(Records excerpted from a collection)
--- START ---

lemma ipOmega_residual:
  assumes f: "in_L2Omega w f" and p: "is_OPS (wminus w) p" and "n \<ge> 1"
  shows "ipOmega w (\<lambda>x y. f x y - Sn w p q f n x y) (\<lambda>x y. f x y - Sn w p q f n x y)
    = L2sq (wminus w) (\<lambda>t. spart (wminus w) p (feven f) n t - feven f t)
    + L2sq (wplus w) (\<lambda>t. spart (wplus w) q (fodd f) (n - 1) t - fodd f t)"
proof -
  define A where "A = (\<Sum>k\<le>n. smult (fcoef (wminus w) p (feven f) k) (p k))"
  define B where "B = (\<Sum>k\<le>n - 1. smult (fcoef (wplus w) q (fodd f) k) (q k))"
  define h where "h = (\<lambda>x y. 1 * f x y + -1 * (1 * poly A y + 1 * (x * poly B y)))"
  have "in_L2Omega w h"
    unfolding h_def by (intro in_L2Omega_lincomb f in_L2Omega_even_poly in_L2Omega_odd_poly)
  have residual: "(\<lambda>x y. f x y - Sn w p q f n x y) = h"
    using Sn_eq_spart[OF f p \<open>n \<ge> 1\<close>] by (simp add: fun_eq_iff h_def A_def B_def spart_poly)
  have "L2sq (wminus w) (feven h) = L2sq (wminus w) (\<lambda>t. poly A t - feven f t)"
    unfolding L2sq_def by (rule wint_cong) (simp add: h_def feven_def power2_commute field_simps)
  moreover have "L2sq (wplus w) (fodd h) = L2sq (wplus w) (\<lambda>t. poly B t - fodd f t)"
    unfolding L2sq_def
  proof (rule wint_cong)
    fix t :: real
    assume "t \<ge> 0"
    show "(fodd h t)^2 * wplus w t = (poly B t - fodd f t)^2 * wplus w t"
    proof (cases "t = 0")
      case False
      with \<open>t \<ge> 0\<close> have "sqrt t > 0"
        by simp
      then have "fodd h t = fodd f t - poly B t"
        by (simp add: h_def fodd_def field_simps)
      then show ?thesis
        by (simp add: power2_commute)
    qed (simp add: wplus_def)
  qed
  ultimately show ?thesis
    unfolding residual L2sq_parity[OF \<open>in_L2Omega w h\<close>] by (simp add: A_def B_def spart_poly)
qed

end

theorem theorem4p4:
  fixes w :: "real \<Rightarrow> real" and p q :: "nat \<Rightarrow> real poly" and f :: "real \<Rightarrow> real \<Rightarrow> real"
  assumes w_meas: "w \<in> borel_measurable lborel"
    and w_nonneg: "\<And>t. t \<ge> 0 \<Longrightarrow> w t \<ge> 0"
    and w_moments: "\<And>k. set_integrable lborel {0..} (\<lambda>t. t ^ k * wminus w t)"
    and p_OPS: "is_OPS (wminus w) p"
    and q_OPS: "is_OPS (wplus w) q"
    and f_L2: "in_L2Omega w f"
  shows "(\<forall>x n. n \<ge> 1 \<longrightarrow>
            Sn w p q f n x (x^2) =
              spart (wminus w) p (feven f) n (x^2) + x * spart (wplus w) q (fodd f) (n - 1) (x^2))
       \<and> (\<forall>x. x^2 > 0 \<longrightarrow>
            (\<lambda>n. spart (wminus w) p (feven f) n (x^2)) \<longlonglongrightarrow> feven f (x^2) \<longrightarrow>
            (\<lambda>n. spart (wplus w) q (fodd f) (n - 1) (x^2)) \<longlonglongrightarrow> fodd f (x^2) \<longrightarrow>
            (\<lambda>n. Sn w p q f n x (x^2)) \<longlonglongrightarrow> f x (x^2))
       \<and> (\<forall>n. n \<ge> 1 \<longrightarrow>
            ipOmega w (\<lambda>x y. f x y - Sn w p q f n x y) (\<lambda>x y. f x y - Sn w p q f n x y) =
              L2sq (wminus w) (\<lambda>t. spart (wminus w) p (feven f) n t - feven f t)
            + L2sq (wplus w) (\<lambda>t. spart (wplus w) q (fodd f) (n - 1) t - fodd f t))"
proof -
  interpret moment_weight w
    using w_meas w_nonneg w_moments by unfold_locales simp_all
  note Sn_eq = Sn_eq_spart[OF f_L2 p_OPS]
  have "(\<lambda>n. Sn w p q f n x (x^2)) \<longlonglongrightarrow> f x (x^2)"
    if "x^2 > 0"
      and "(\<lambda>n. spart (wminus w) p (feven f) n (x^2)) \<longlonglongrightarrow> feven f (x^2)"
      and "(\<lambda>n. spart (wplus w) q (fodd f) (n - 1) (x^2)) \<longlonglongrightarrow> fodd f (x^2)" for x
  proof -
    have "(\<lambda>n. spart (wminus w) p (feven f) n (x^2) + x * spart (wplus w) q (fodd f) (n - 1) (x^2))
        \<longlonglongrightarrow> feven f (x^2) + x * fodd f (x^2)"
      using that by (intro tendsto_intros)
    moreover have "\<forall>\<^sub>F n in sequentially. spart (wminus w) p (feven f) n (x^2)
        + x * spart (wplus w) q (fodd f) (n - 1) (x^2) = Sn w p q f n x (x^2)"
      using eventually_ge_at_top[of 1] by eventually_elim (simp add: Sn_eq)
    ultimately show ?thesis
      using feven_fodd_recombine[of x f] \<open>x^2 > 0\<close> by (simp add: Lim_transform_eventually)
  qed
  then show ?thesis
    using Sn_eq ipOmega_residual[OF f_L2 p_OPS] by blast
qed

--- END ---

**What you are asked to do**
The entire set of entries, and nothing else, should be set down exactly.

**Response**
lemma ipOmega_residual:
  assumes f: "in_L2Omega w f" and p: "is_OPS (wminus w) p" and "n \<ge> 1"
  shows "ipOmega w (\<lambda>x y. f x y - Sn w p q f n x y) (\<lambda>x y. f x y - Sn w p q f n x y)
    = L2sq (wminus w) (\<lambda>t. spart (wminus w) p (feven f) n t - feven f t)
    + L2sq (wplus w) (\<lambda>t. spart (wplus w) q (fodd f) (n - 1) t - fodd f t)"
proof -
  define A where "A = (\<Sum>k\<le>n. smult (fcoef (wminus w) p (feven f) k) (p k))"
  define B where "B = (\<Sum>k\<le>n - 1. smult (fcoef (wplus w) q (fodd f) k) (q k))"
  define h where "h = (\<lambda>x y. 1 * f x y + -1 * (1 * poly A y + 1 * (x * poly B y)))"
  have "in_L2Omega w h"
    unfolding h_def by (intro in_L2Omega_lincomb f in_L2Omega_even_poly in_L2Omega_odd_poly)
  have residual: "(\<lambda>x y. f x y - Sn w p q f n x y) = h"
    using Sn_eq_spart[OF f p \<open>n \<ge> 1\<close>] by (simp add: fun_eq_iff h_def A_def B_def spart_poly)
  have "L2sq (wminus w) (feven h) = L2sq (wminus w) (\<lambda>t. poly A t - feven f t)"
    unfolding L2sq_def by (rule wint_cong) (simp add: h_def feven_def power2_commute field_simps)
  moreover have "L2sq (wplus w) (fodd h) = L2sq (wplus w) (\<lambda>t. poly B t - fodd f t)"
    unfolding L2sq_def
  proof (rule wint_cong)
    fix t :: real
    assume "t \<ge> 0"
    show "(fodd h t)^2 * wplus w t = (poly B t - fodd f t)^2 * wplus w t"
    proof (cases "t = 0")
      case False
      with \<open>t \<ge> 0\<close> have "sqrt t > 0"
        by simp
      then have "fodd h t = fodd f t - poly B t"
        by (simp add: h_def fodd_def field_simps)
      then show ?thesis
        by (simp add: power2_commute)
    qed (simp add: wplus_def)
  qed
  ultimately show ?thesis
    unfolding residual L2sq_parity[OF \<open>in_L2Omega w h\<close>] by (simp add: A_def B_def spart_poly)
qed

end

theorem theorem4p4:
  fixes w :: "real \<Rightarrow> real" and p q :: "nat \<Rightarrow> real poly" and f :: "real \<Rightarrow> real \<Rightarrow> real"
  assumes w_meas: "w \<in> borel_measurable lborel"
    and w_nonneg: "\<And>t. t \<ge> 0 \<Longrightarrow> w t \<ge> 0"
    and w_moments: "\<And>k. set_integrable lborel {0..} (\<lambda>t. t ^ k * wminus w t)"
    and p_OPS: "is_OPS (wminus w) p"
    and q_OPS: "is_OPS (wplus w) q"
    and f_L2: "in_L2Omega w f"
  shows "(\<forall>x n. n \<ge> 1 \<longrightarrow>
            Sn w p q f n x (x^2) =
              spart (wminus w) p (feven f) n (x^2) + x * spart (wplus w) q (fodd f) (n - 1) (x^2))
       \<and> (\<forall>x. x^2 > 0 \<longrightarrow>
            (\<lambda>n. spart (wminus w) p (feven f) n (x^2)) \<longlonglongrightarrow> feven f (x^2) \<longrightarrow>
            (\<lambda>n. spart (wplus w) q (fodd f) (n - 1) (x^2)) \<longlonglongrightarrow> fodd f (x^2) \<longrightarrow>
            (\<lambda>n. Sn w p q f n x (x^2)) \<longlonglongrightarrow> f x (x^2))
       \<and> (\<forall>n. n \<ge> 1 \<longrightarrow>
            ipOmega w (\<lambda>x y. f x y - Sn w p q f n x y) (\<lambda>x y. f x y - Sn w p q f n x y) =
              L2sq (wminus w) (\<lambda>t. spart (wminus w) p (feven f) n t - feven f t)
            + L2sq (wplus w) (\<lambda>t. spart (wplus w) q (fodd f) (n - 1) t - fodd f t))"
proof -
  interpret moment_weight w
    using w_meas w_nonneg w_moments by unfold_locales simp_all
  note Sn_eq = Sn_eq_spart[OF f_L2 p_OPS]
  have "(\<lambda>n. Sn w p q f n x (x^2)) \<longlonglongrightarrow> f x (x^2)"
    if "x^2 > 0"
      and "(\<lambda>n. spart (wminus w) p (feven f) n (x^2)) \<longlonglongrightarrow> feven f (x^2)"
      and "(\<lambda>n. spart (wplus w) q (fodd f) (n - 1) (x^2)) \<longlonglongrightarrow> fodd f (x^2)" for x
  proof -
    have "(\<lambda>n. spart (wminus w) p (feven f) n (x^2) + x * spart (wplus w) q (fodd f) (n - 1) (x^2))
        \<longlonglongrightarrow> feven f (x^2) + x * fodd f (x^2)"
      using that by (intro tendsto_intros)
    moreover have "\<forall>\<^sub>F n in sequentially. spart (wminus w) p (feven f) n (x^2)
        + x * spart (wplus w) q (fodd f) (n - 1) (x^2) = Sn w p q f n x (x^2)"
      using eventually_ge_at_top[of 1] by eventually_elim (simp add: Sn_eq)
    ultimately show ?thesis
      using feven_fodd_recombine[of x f] \<open>x^2 > 0\<close> by (simp add: Lim_transform_eventually)
  qed
  then show ?thesis
    using Sn_eq ipOmega_residual[OF f_L2 p_OPS] by blast
qed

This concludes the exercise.